*What is needed*.
Only the lines below between the ones containing "to \<open>D\<close> and the" and "of \<open>u\<close>, and", inclusive, are to be reproduced, each exactly as it stands.

[Stored items]
↓↓↓

(* Let $(X,|\cdot|)$ be a Banach space which is uniformly convex of type $p\geqslant 2$, i.e. there is $c>0$ with $\delta_X(\varepsilon)\geqslant c\,\varepsilon^p$ for all $\varepsilon\in(0,2]$. Let $Y$ be the tree with four vertices $a_0,a_1,a_2,a_2'$ and edges $a_0a_1$, $a_1a_2$, $a_1a_2'$, equipped with its graph (shortest-path) metric $d$. Then there is a constant $K=K(X)>0$ such that for every $D>0$ and every map $\varphi:Y\to X$ that is $D$-Lipschitz (i.e. $|\varphi(x)-\varphi(y)|\leqslant D\,d(x,y)$ for all $x,y\in Y$) and distance non-decreasing (i.e. $|\varphi(x)-\varphi(y)|\geqslant d(x,y)$ for all $x,y\in Y$), either \[|\varphi(a_0)-\varphi(a_2)|\leqslant 2\Big(D-\frac{K}{D^{p-1}}\Big)\] or \[|\varphi(a_0)-\varphi(a_2')|\leqslant 2\Big(D-\frac{K}{D^{p-1}}\Big).\]
   Context: The modulus of (uniform) convexity of a Banach space $X$ with norm $|\cdot|$ is, for $\varepsilon\in(0,2]$, \[\delta_X(\varepsilon)=\inf\left\{1-\left|\tfrac{x+y}{2}\right| \;:\; |x|=|y|=1,\ |x-y|\geqslant\varepsilon\right\}.\] $X$ is called uniformly convex of type $p\geqslant 2$ if $\delta_X(\varepsilon)\geqslant c\,\varepsilon^p$ for some constant $c>0$ and all $\varepsilon\in(0,2]$. In the tree $Y$, $a_0$ is the root, $a_1$ its unique child, and $a_2,a_2'$ the two children of $a_1$. *)

theory Defs
  imports "HOL-Analysis.Analysis"
begin

definition modulus_convexity :: "('a::real_normed_vector) itself \<Rightarrow> real \<Rightarrow> real" where
  "modulus_convexity TYPE('a) \<epsilon> =
     Inf {1 - norm ((x + y) /\<^sub>R 2) | x y :: 'a. norm x = 1 \<and> norm y = 1 \<and> norm (x - y) \<ge> \<epsilon>}"

definition unif_convex_type :: "('a::real_normed_vector) itself \<Rightarrow> real \<Rightarrow> bool" where
  "unif_convex_type T p \<longleftrightarrow> p \<ge> 2 \<and>
     (\<exists>c>0. \<forall>\<epsilon>. 0 < \<epsilon> \<and> \<epsilon> \<le> 2 \<longrightarrow> modulus_convexity T \<epsilon> \<ge> c * \<epsilon> powr p)"

datatype Yvert = A0 | A1 | A2 | A2'

fun ydepth :: "Yvert \<Rightarrow> nat" where
  "ydepth A0 = 0" | "ydepth A1 = 1" | "ydepth A2 = 2" | "ydepth A2' = 2"

fun ydist :: "Yvert \<Rightarrow> Yvert \<Rightarrow> real" where
  "ydist A2 A2' = 2"
| "ydist A2' A2 = 2"
| "ydist x y = \<bar>real (ydepth x) - real (ydepth y)\<bar>"

end

theory Submission
  imports Defs
begin

text \<open>Write \<open>u = \<phi> a\<^sub>1 - \<phi> a\<^sub>0\<close>, \<open>v = \<phi> a\<^sub>2 - \<phi> a\<^sub>1\<close>, \<open>w = \<phi> a\<^sub>2' - \<phi> a\<^sub>1\<close>. If both
  \<open>|u + v|\<close> and \<open>|u + w|\<close> exceed \<open>2D - 2\<eta>\<close>, all three vectors have norm close to \<open>D\<close> and the
  directions of \<open>v\<close> and \<open>w\<close> both almost agree with that of \<open>u\<close>. But \<open>|v - w| \<ge> 2\<close> forces the
  directions of \<open>v\<close> and \<open>w\<close> apart by about \<open>1/D\<close>, so one of them is \<open>1/(2D)\<close> away from that
  of \<open>u\<close>, and uniform convexity then shortens the corresponding midpoint by \<open>c (2D)\<^sup>-\<^sup>p\<close>.
  This is incompatible with \<open>\<eta> = K / D\<^sup>p\<^sup>-\<^sup>1\<close> for small \<open>K\<close>.\<close>

lemma modulus_convexity_le:
  fixes x y :: "'a::real_normed_vector"
  assumes "norm x = 1" "norm y = 1" "e \<le> norm (x - y)"
  shows "modulus_convexity TYPE('a) e \<le> 1 - norm ((x + y) /\<^sub>R 2)"
  unfolding modulus_convexity_def
proof (rule cInf_lower)
  show "bdd_below {1 - norm ((x + y) /\<^sub>R 2) |x y::'a. norm x = 1 \<and> norm y = 1 \<and> e \<le> norm (x - y)}"
  proof (rule bdd_belowI[of _ 0], clarify)
    fix a b :: 'a
    assume "norm a = 1" "norm b = 1"
    then show "0 \<le> 1 - norm ((a + b) /\<^sub>R 2)"
      using norm_triangle_ineq[of a b] by simp
  qed
qed (use assms in blast)

lemma norm_add_le_of_modulus_convexity:
  fixes x y :: "'a::real_normed_vector"
  assumes "norm x = 1" "norm y = 1" "e \<le> norm (x - y)"
    and "c * e powr p \<le> modulus_convexity TYPE('a) e"
  shows "norm (x + y) \<le> 2 - 2 * c * e powr p"
  using modulus_convexity_le[OF assms(1-3)] assms(4) by simp

lemma norm_add_le_sgn_add:
  fixes u v :: "'a::real_normed_vector"
  assumes "norm u \<le> D" "norm v \<le> D"
  shows "norm (u + v) \<le> D * norm (sgn u + sgn v) + (D - norm u) + (D - norm v)"
proof -
  have norm_scaleR_sgn: "norm z *\<^sub>R sgn z = z" for z :: 'a
    by (cases "z = 0") (simp_all add: sgn_div_norm)
  have "u + v = norm u *\<^sub>R sgn u + norm v *\<^sub>R sgn v"
    by (simp only: norm_scaleR_sgn)
  also have "\<dots> = D *\<^sub>R (sgn u + sgn v) - (D - norm u) *\<^sub>R sgn u - (D - norm v) *\<^sub>R sgn v"
    by (simp add: algebra_simps)
  finally have "norm (u + v) \<le> norm (D *\<^sub>R (sgn u + sgn v) - (D - norm u) *\<^sub>R sgn u)
      + norm ((D - norm v) *\<^sub>R sgn v)"
    by (simp only: norm_triangle_ineq4)
  also have "\<dots> \<le> norm (D *\<^sub>R (sgn u + sgn v)) + norm ((D - norm u) *\<^sub>R sgn u)
      + norm ((D - norm v) *\<^sub>R sgn v)"
    using norm_triangle_ineq4 by (rule add_right_mono)
  also have "\<dots> \<le> D * norm (sgn u + sgn v) + (D - norm u) + (D - norm v)"
  proof -
    have "norm (sgn z) \<le> 1" for z :: 'a
      by (simp add: norm_sgn)
    moreover have "0 \<le> D" "0 \<le> D - norm u" "0 \<le> D - norm v"
      using assms norm_ge_zero[of u] by linarith+
    ultimately show ?thesis
      using mult_left_le[of "norm (sgn u)" "D - norm u"] mult_left_le[of "norm (sgn v)" "D - norm v"]
      by simp
  qed
  finally show ?thesis .
qed

lemma tripod_modulus_bound:
  fixes u v w :: "'a::real_normed_vector"
  assumes norms: "norm u \<le> D" "norm v \<le> D" "norm w \<le> D"
    and branches: "2 \<le> norm (v - w)"
    and small: "\<eta> \<le> 1/4"
    and long_uv: "2 * D - 2 * \<eta> < norm (u + v)"
    and long_uw: "2 * D - 2 * \<eta> < norm (u + w)"
    and convex: "c * (1 / (2 * D)) powr p \<le> modulus_convexity TYPE('a) (1 / (2 * D))"
  shows "c * D * (1 / (2 * D)) powr p < 2 * \<eta>"
proof -
  have "2 \<le> 2 * D"
    using branches norm_triangle_ineq4[of v w] norms by linarith
  then have D: "D > 0" by simp
  have long_u: "D - 2 * \<eta> < norm u"
    using long_uv norm_triangle_ineq[of u v] norms by linarith
  have long_v: "D - 2 * \<eta> < norm v" and long_w: "D - 2 * \<eta> < norm w"
    using long_uv long_uw norm_triangle_ineq[of u v] norm_triangle_ineq[of u w] norms by linarith+
  have "0 < norm u" "0 < norm v" "0 < norm w"
    using long_u long_v long_w \<open>2 \<le> 2 * D\<close> small by linarith+
  then have units: "norm (sgn u) = 1" "norm (sgn v) = 1" "norm (sgn w) = 1"
    by (simp_all add: norm_sgn)
  have near_v: "2 * D - 4 * \<eta> < D * norm (sgn u + sgn v)"
    using norm_add_le_sgn_add[of u D v] norms long_uv norm_triangle_ineq[of u v] by linarith
  have near_w: "2 * D - 4 * \<eta> < D * norm (sgn u + sgn w)"
    using norm_add_le_sgn_add[of u D w] norms long_uw norm_triangle_ineq[of u w] by linarith
  have "norm (v - w) \<le> D * norm (sgn v - sgn w) + (D - norm v) + (D - norm w)"
    using norm_add_le_sgn_add[of v D "- w"] norms by (simp add: sgn_minus)
  then have "1 \<le> D * norm (sgn v - sgn w)"
    using branches long_v long_w small by linarith
  also have "\<dots> \<le> D * (norm (sgn u - sgn v) + norm (sgn u - sgn w))"
    using D norm_triangle_ineq4[of "sgn u - sgn w" "sgn u - sgn v"] by (intro mult_left_mono) simp_all
  also have "\<dots> = D * norm (sgn u - sgn v) + D * norm (sgn u - sgn w)"
    by (rule distrib_left)
  finally have "1 / 2 \<le> D * norm (sgn u - sgn v) \<or> 1 / 2 \<le> D * norm (sgn u - sgn w)"
    by linarith
  then have "1 / (2 * D) \<le> norm (sgn u - sgn v) \<or> 1 / (2 * D) \<le> norm (sgn u - sgn w)"
    using D by (simp add: pos_divide_le_eq algebra_simps)
  then obtain t where t: "norm t = 1" "1 / (2 * D) \<le> norm (sgn u - t)"
    and near_t: "2 * D - 4 * \<eta> < D * norm (sgn u + t)"
    using near_v near_w units by blast
  have "D * norm (sgn u + t) \<le> D * (2 - 2 * c * (1 / (2 * D)) powr p)"
    using norm_add_le_of_modulus_convexity[OF units(1) t convex] D by simp
  also have "\<dots> = 2 * D - 2 * (c * D * (1 / (2 * D)) powr p)"
    by (simp only: right_diff_distrib mult_ac)
  finally show ?thesis
    using near_t by linarith
qed

lemma tree_map_short_branch:
  fixes \<phi> :: "Yvert \<Rightarrow> 'a::real_normed_vector"
  assumes lip: "\<forall>x y. norm (\<phi> x - \<phi> y) \<le> D * ydist x y"
    and expand: "\<forall>x y. norm (\<phi> x - \<phi> y) \<ge> ydist x y"
    and convex: "\<And>e. 0 < e \<Longrightarrow> e \<le> 2 \<Longrightarrow> c * e powr p \<le> modulus_convexity TYPE('a) e"
    and small: "\<eta> \<le> 1/4" "2 * \<eta> \<le> c * D * (1 / (2 * D)) powr p"
  shows "norm (\<phi> A0 - \<phi> A2) \<le> 2 * (D - \<eta>) \<or> norm (\<phi> A0 - \<phi> A2') \<le> 2 * (D - \<eta>)"
proof (rule ccontr)
  assume "\<not> ?thesis"
  then have long: "2 * D - 2 * \<eta> < norm (\<phi> A1 - \<phi> A0 + (\<phi> A2 - \<phi> A1))"
    "2 * D - 2 * \<eta> < norm (\<phi> A1 - \<phi> A0 + (\<phi> A2' - \<phi> A1))"
    by (auto simp: norm_minus_commute)
  have edges: "norm (\<phi> A1 - \<phi> A0) \<le> D" "norm (\<phi> A2 - \<phi> A1) \<le> D" "norm (\<phi> A2' - \<phi> A1) \<le> D"
    using lip[rule_format, of A1 A0] lip[rule_format, of A2 A1] lip[rule_format, of A2' A1] by simp_all
  have branches: "2 \<le> norm (\<phi> A2 - \<phi> A1 - (\<phi> A2' - \<phi> A1))"
    using expand[rule_format, of A2 A2'] by simp
  have "1 \<le> D"
    using lip[rule_format, of A1 A0] expand[rule_format, of A1 A0] by simp
  then have "c * (1 / (2 * D)) powr p \<le> modulus_convexity TYPE('a) (1 / (2 * D))"
    by (intro convex) (auto simp: divide_le_eq)
  from tripod_modulus_bound[OF edges branches small(1) long this] small(2) show False
    by linarith
qed

theorem lemma1:
  fixes p :: real
  assumes "unif_convex_type TYPE('a::banach) p"
  shows "\<exists>K>0. \<forall>D>0. \<forall>\<phi> :: Yvert \<Rightarrow> 'a.
           (\<forall>x y. norm (\<phi> x - \<phi> y) \<le> D * ydist x y) \<and>
           (\<forall>x y. norm (\<phi> x - \<phi> y) \<ge> ydist x y) \<longrightarrow>
           norm (\<phi> A0 - \<phi> A2) \<le> 2 * (D - K / D powr (p - 1)) \<or>
           norm (\<phi> A0 - \<phi> A2') \<le> 2 * (D - K / D powr (p - 1))"
proof -
  from assms obtain c where "p \<ge> 2" "c > 0"
    and convex: "\<And>e. 0 < e \<Longrightarrow> e \<le> 2 \<Longrightarrow> c * e powr p \<le> modulus_convexity TYPE('a) e"
    unfolding unif_convex_type_def by blast
  define K where "K = min (1/4) (c / 2 powr p / 2)"
  have K: "K > 0" "K \<le> 1/4" "2 * K \<le> c / 2 powr p"
    using \<open>c > 0\<close> by (auto simp: K_def)
  have "norm (\<phi> A0 - \<phi> A2) \<le> 2 * (D - K / D powr (p - 1)) \<or>
        norm (\<phi> A0 - \<phi> A2') \<le> 2 * (D - K / D powr (p - 1))"
    if lip: "\<forall>x y. norm (\<phi> x - \<phi> y) \<le> D * ydist x y"
      and expand: "\<forall>x y. norm (\<phi> x - \<phi> y) \<ge> ydist x y" for D and \<phi> :: "Yvert \<Rightarrow> 'a"
  proof (rule tree_map_short_branch[OF lip expand convex])
    have "1 \<le> D"
      using lip[rule_format, of A1 A0] expand[rule_format, of A1 A0] by simp
    then have "1 \<le> D powr (p - 1)"
      using \<open>p \<ge> 2\<close> by (simp add: ge_one_powr_ge_zero)
    then show "K / D powr (p - 1) \<le> 1/4"
      using K by (simp add: divide_le_eq)
    have "2 * (K / D powr (p - 1)) \<le> c / 2 powr p / D powr (p - 1)"
      unfolding times_divide_eq_right using K \<open>1 \<le> D powr (p - 1)\<close> by (intro divide_right_mono) simp_all
    also have "\<dots> = c * D * (1 / (2 * D)) powr p"
      using \<open>1 \<le> D\<close> by (simp add: powr_divide powr_mult powr_diff)
    finally show "2 * (K / D powr (p - 1)) \<le> c * D * (1 / (2 * D)) powr p" .
  qed
  then show ?thesis
    using K by blast
qed

end
(* Let $p_{NS}\in(0,1)$ and let $p_0$ be such that $p_{NS}=p_0(1-p_0)^{(1-p_0)/p_0}$. Let $P$ be a probability distribution on a finite set $\mathcal{I}$ with $\min_{i\in\sup(P)}P(i)\ge p_{NS}$. Then for every minimizer $Q^*$ of $\mathrm{KL}_b(P\|\cdot)$ over semi-distributions and every $i\in\sup(Q^* )$, $$\frac{Q^*(i)}{P(i)}\le\frac{p_0}{(1-p_0)p_{NS}}<\frac{3}{1-p_0}.$$
   Context: A semi-distribution on $\mathcal{I}$ is $W:\mathcal{I}\to[0,1]$ with $\sum_iW(i)\le1$ and support $\sup(W)=\{i:W(i)>0\}$; a probability distribution is one summing to $1$. Bounded KL with threshold $p_{NS}$: $\mathrm{KL}_b(P\|Q):=\sum_{i\in\sup(P)}P(i)\ln\frac{P(i)}{\max(Q(i),p_{NS})}$. *)

theory Defs
  imports Complex_Main
begin

text \<open>Functions on a finite index set I, represented as 'a \<Rightarrow> real;
  only the values on I matter.\<close>

definition semidist :: "'a set \<Rightarrow> ('a \<Rightarrow> real) \<Rightarrow> bool" where
  "semidist I W \<longleftrightarrow> (\<forall>i\<in>I. 0 \<le> W i \<and> W i \<le> 1) \<and> (\<Sum>i\<in>I. W i) \<le> 1"

definition probdist :: "'a set \<Rightarrow> ('a \<Rightarrow> real) \<Rightarrow> bool" where
  "probdist I W \<longleftrightarrow> semidist I W \<and> (\<Sum>i\<in>I. W i) = 1"

definition supp :: "'a set \<Rightarrow> ('a \<Rightarrow> real) \<Rightarrow> 'a set" where
  "supp I W = {i \<in> I. W i > 0}"

definition KLb :: "real \<Rightarrow> 'a set \<Rightarrow> ('a \<Rightarrow> real) \<Rightarrow> ('a \<Rightarrow> real) \<Rightarrow> real" where
  "KLb pNS I P Q = (\<Sum>i\<in>supp I P. P i * ln (P i / max (Q i) pNS))"

definition KLb_minimizer :: "real \<Rightarrow> 'a set \<Rightarrow> ('a \<Rightarrow> real) \<Rightarrow> ('a \<Rightarrow> real) \<Rightarrow> bool" where
  "KLb_minimizer pNS I P Q \<longleftrightarrow> semidist I Q \<and>
     (\<forall>Q'. semidist I Q' \<longrightarrow> KLb pNS I P Q \<le> KLb pNS I P Q')"

end

theory Submission
  imports Defs
begin

text \<open>Let A be the set where the minimiser Q reaches the threshold pNS and m = P(A).
  Conditioning P on A never increases KL_b (Gibbs' inequality), strictly so unless Q is
  proportional to P on A; hence Q i = P i / m on A. If m were smaller than
  (1 - p0) pNS / p0, conditioning on A together with one more point of the support would
  decrease KL_b further, because x \<mapsto> x (1 - x) powr ((1 - x) / x) is increasing; this
  bounds Q i / P i = 1 / m. Off A, Q i < pNS \<le> P i. Finally
  (1 - p0) powr ((1 - p0) / p0) > exp (-1) > 1/3 gives the numerical bound.\<close>

definition threshold :: "real \<Rightarrow> real" where
  "threshold x = x * (1 - x) powr ((1 - x) / x)"

lemma ln_threshold:
  assumes "0 < x" "x < 1"
  shows "ln (threshold x) = ln x + (1 - x) / x * ln (1 - x)"
  using assms by (simp add: threshold_def ln_mult ln_powr)

lemma threshold_pos: "0 < x \<Longrightarrow> x < 1 \<Longrightarrow> 0 < threshold x"
  by (simp add: threshold_def)

lemma threshold_le: "0 < x \<Longrightarrow> x < 1 \<Longrightarrow> threshold x \<le> x"
  unfolding threshold_def by (simp add: mult_left_le powr_le1)

lemma one_minus_mul_threshold_less:
  assumes "0 < x" "x < 1"
  shows "(1 - x) * threshold x < x"
proof -
  have "0 < x * threshold x"
    using assms threshold_pos by simp
  moreover have "(1 - x) * threshold x = threshold x - x * threshold x"
    by (simp add: algebra_simps)
  ultimately show ?thesis
    using threshold_le[OF assms] by linarith
qed

lemma threshold_gt_third:
  assumes "0 < x" "x < 1"
  shows "x / 3 < threshold x"
proof -
  have "ln (1 / (1 - x)) < 1 / (1 - x) - 1"
    using assms ln_le_minus_one[of "1 / (1 - x)"] ln_eq_minus_one[of "1 / (1 - x)"] by force
  then have "- ln (1 - x) < x / (1 - x)"
    using assms by (simp add: ln_div field_simps)
  then have "- 1 < (1 - x) / x * ln (1 - x)"
    using assms by (simp add: field_simps)
  then have "exp (- 1) < (1 - x) powr ((1 - x) / x)"
    using assms by (simp add: powr_def)
  moreover have "1 / 3 \<le> exp (- 1 :: real)"
    using exp_le by (simp add: exp_minus field_simps)
  ultimately show ?thesis
    using assms by (simp add: threshold_def field_simps)
qed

↑↑↑

*The completed task*.
  \<open>|u + v|\<close> and \<open>|u + w|\<close> exceed \<open>2D - 2\<eta>\<close>, all three vectors have norm close to \<open>D\<close> and the
  directions of \<open>v\<close> and \<open>w\<close> both almost agree with that of \<open>u\<close>. But \<open>|v - w| \<ge> 2\<close> forces the
  directions of \<open>v\<close> and \<open>w\<close> apart by about \<open>1/D\<close>, so one of them is \<open>1/(2D)\<close> away from that
  of \<open>u\<close>, and uniform convexity then shortens the corresponding midpoint by \<open>c (2D)\<^sup>-\<^sup>p\<close>.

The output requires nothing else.